Autoregressive LLMs are a powerful tool for generating human-quality text, but their reliance on previous predictions can lead to errors and require significant computational resources.

Beyond Autoregressive LLMs, there are several other types of large language models (LLMs) with different strengths and approaches to processing information and generating text.

Here’s a glimpse into some prominent categories:

  • Unlike autoregressive models that generate text sequentially, non-autoregressive models consider the entire prompt or question at once before generating the output.
  • This can potentially be faster and more efficient than autoregressive models and might be less prone to error propagation issues that can occur in autoregressive generation.
  • However maintaining coherence and logical flow in the generated text may be challenging, and may require additional training strategies to ensure high-quality outputs.

Similar to autoregressive models, they generate text one step at a time.
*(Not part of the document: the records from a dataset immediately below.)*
(* Let $M=\{M_\gamma\}_{\gamma\in\Gamma}$ be a defining family of functions on $\mathbb R^k$. Then for every $p\ge 1$ the space $\mathcal D(\mathbb R^k)$ of smooth compactly supported functions on $\mathbb R^k$ is dense in $\mathcal K_p(M)$.
   Context: A defining family of functions on $\mathbb R^k$ is a family $M=\{M_\gamma\}_{\gamma\in\Gamma}$ of nonnegative measurable functions on $\mathbb R^k$, each bounded on bounded subsets of $\mathbb R^k$, such that: (a) for all $\gamma_1,\gamma_2\in\Gamma$ there are $\gamma\in\Gamma$ and $C>0$ with $M_\gamma\ge C(M_{\gamma_1}+M_{\gamma_2})$; (b) there is a countable $\Gamma'\subset\Gamma$ such that for every $\gamma\in\Gamma$ there are $\gamma'\in\Gamma'$ and $C>0$ with $CM_\gamma\le M_{\gamma'}$; (c) for every $x\in\mathbb R^k$ there are $\gamma\in\Gamma$, a neighborhood $O(x)$ of $x$ and $C>0$ with $M_\gamma(x')\ge C$ for all $x'\in O(x)$. For $p\ge1$, $\mathcal K_p(M)$ is the space of all smooth functions $f$ on $\mathbb R^k$ for which the seminorms $\|f\|^p_{\gamma,m}=\left(\int_{\mathbb R^k}[M_\gamma(x)]^p\sum_{|\mu|\le m}|\partial^\mu f(x)|^p\,dx\right)^{1/p}$ are finite for all $\gamma\in\Gamma$, $m\in\mathbb Z_+$, with the topology given by these seminorms (multi-index notation: $\mu\in\mathbb Z_+^k$, $|\mu|=\mu_1+\dots+\mu_k$). *)

theory Defs
  imports "HOL-Analysis.Analysis"
begin

text \<open>Points of R^k are vectors of type real^'n with CARD('n) = k.
  Partial derivative in the i-th coordinate direction.\<close>
definition pdiff :: "'n::finite \<Rightarrow> (real^'n \<Rightarrow> real) \<Rightarrow> (real^'n \<Rightarrow> real)" where
  "pdiff i f = (\<lambda>x. deriv (\<lambda>t. f (x + t *\<^sub>R axis i 1)) 0)"

fun pdiffs :: "'n::finite list \<Rightarrow> (real^'n \<Rightarrow> real) \<Rightarrow> (real^'n \<Rightarrow> real)" where
  "pdiffs [] f = f"
| "pdiffs (i # is) f = pdiff i (pdiffs is f)"

definition smooth_fun :: "(real^'n::finite \<Rightarrow> real) \<Rightarrow> bool" where
  "smooth_fun f \<longleftrightarrow>
     (\<forall>ds. continuous_on UNIV (pdiffs ds f) \<and>
       (\<forall>i x. (\<lambda>t. pdiffs ds f (x + t *\<^sub>R axis i 1)) differentiable (at 0)))"

text \<open>Multi-index derivative: apply the i-th partial derivative mu i times for each
  coordinate i (in a fixed enumeration of the coordinates; for smooth functions
  the order is irrelevant).\<close>
definition coord_enum :: "'n::finite list" where
  "coord_enum = (SOME xs. distinct xs \<and> set xs = UNIV)"

definition mderiv :: "('n::finite \<Rightarrow> nat) \<Rightarrow> (real^'n \<Rightarrow> real) \<Rightarrow> (real^'n \<Rightarrow> real)" where
  "mderiv \<mu> f = foldr (\<lambda>i g. (pdiff i ^^ \<mu> i) g) coord_enum f"

definition mi_order :: "('n::finite \<Rightarrow> nat) \<Rightarrow> nat" where
  "mi_order \<mu> = (\<Sum>i\<in>UNIV. \<mu> i)"

definition seminorm_pow :: "real \<Rightarrow> (real^'n::finite \<Rightarrow> real) \<Rightarrow> nat \<Rightarrow> (real^'n \<Rightarrow> real) \<Rightarrow> ennreal" where
  "seminorm_pow p W m f =
     (\<integral>\<^sup>+ x. ennreal ((W x) powr p * (\<Sum>\<mu>\<in>{\<mu>. mi_order \<mu> \<le> m}. \<bar>mderiv \<mu> f x\<bar> powr p)) \<partial>lborel)"

definition Kseminorm :: "real \<Rightarrow> (real^'n::finite \<Rightarrow> real) \<Rightarrow> nat \<Rightarrow> (real^'n \<Rightarrow> real) \<Rightarrow> real" where
  "Kseminorm p W m f = (enn2real (seminorm_pow p W m f)) powr (1 / p)"

definition defining_family :: "('g \<Rightarrow> real^'n::finite \<Rightarrow> real) \<Rightarrow> bool" where
  "defining_family M \<longleftrightarrow>
     (\<forall>\<gamma>. M \<gamma> \<in> borel_measurable lborel) \<and>
     (\<forall>\<gamma> x. 0 \<le> M \<gamma> x) \<and>
     (\<forall>\<gamma> S. bounded S \<longrightarrow> (\<exists>B. \<forall>x\<in>S. M \<gamma> x \<le> B)) \<and>
     (\<forall>\<gamma>1 \<gamma>2. \<exists>\<gamma>. \<exists>C>0. \<forall>x. M \<gamma> x \<ge> C * (M \<gamma>1 x + M \<gamma>2 x)) \<and>
     (\<exists>\<Gamma>'. countable \<Gamma>' \<and> (\<forall>\<gamma>. \<exists>\<gamma>'\<in>\<Gamma>'. \<exists>C>0. \<forall>x. C * M \<gamma> x \<le> M \<gamma>' x)) \<and>
     (\<forall>x. \<exists>\<gamma> U C. open U \<and> x \<in> U \<and> C > 0 \<and> (\<forall>x'\<in>U. M \<gamma> x' \<ge> C))"

definition Kp :: "real \<Rightarrow> ('g \<Rightarrow> real^'n::finite \<Rightarrow> real) \<Rightarrow> (real^'n \<Rightarrow> real) set" where
  "Kp p M = {f. smooth_fun f \<and> (\<forall>\<gamma> m. seminorm_pow p (M \<gamma>) m f < \<infinity>)}"

definition test_functions :: "(real^'n::finite \<Rightarrow> real) set" where
  "test_functions = {g. smooth_fun g \<and> compact (closure {x. g x \<noteq> 0})}"

end

theory Submission
  imports Defs "HOL-Computational_Algebra.Polynomial" "HOL-Library.Sublist"
begin

(* Approximate f by cutoff n * f, where cutoff n x = bump_cube (x / (n + 1)) and bump_cube, a
   product of one-dimensional bumps built from exp (-1/t), is a test function equal to 1 at 0.
   By the Leibniz rule every derivative of order at most m of (1 - cutoff n) * f is bounded,
   uniformly in n, by a constant times the sum of the |d^nu f| with |nu| <= m, and it tends to 0
   pointwise, since the derivatives of cutoff n carry a factor (n + 1)^(-|a|) and cutoff n tends
   to 1.  Dominated convergence then gives convergence in every seminorm.  The approximation
   only uses that the weights M gamma are measurable and that p > 0; their local boundedness is
   what puts the test functions into K_p(M). *)

section \<open>The flat function exp (-1/t)\<close>

definition smooth_real :: "(real \<Rightarrow> real) \<Rightarrow> bool" where
  "smooth_real u \<longleftrightarrow> (\<forall>k x. ((deriv ^^ k) u has_real_derivative (deriv ^^ Suc k) u x) (at x))"

(* The derivatives of flat_exp are all of this shape. *)
definition flat_exp_poly :: "real poly \<Rightarrow> real \<Rightarrow> real" where
  "flat_exp_poly P t = (if t > 0 then poly P (1/t) * exp (- (1/t)) else 0)"

definition flat_exp :: "real \<Rightarrow> real" where
  "flat_exp = flat_exp_poly 1"

lemma flat_exp_eq: "flat_exp t = (if t > 0 then exp (- (1/t)) else 0)"
  by (simp add: flat_exp_def flat_exp_poly_def)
However, they incorporate additional information (conditions) beyond the previous sequence to guide the generation process, and may offer more control over the generated text compared to traditional autoregressive models.

Conditions can include:

  • Specific styles (e.g., formal, informal)
  • Desired emotional tone

These models don’t directly generate text but excel at predicting missing words within a sequence.

MLMs are often used as building blocks for other LLM architectures, including some autoregressive models. They contribute to the model’s understanding of language structure and relationships between words.

These models utilize a two-stage process for tasks like machine translation or text summarization.

  • Encoder: Analyzes the input text (source language for translation) and captures its meaning.
  • Decoder: Generates the output text (target language for translation) based on the encoded representation from the first stage.

Transformers are a common architectural choice for encoder-decoder models.

And that’s it!

Remember, the field of AI is constantly evolving, and new models are emerging all the time. Stay curious and keep exploring!

Hope you found this interesting and learnt something new today!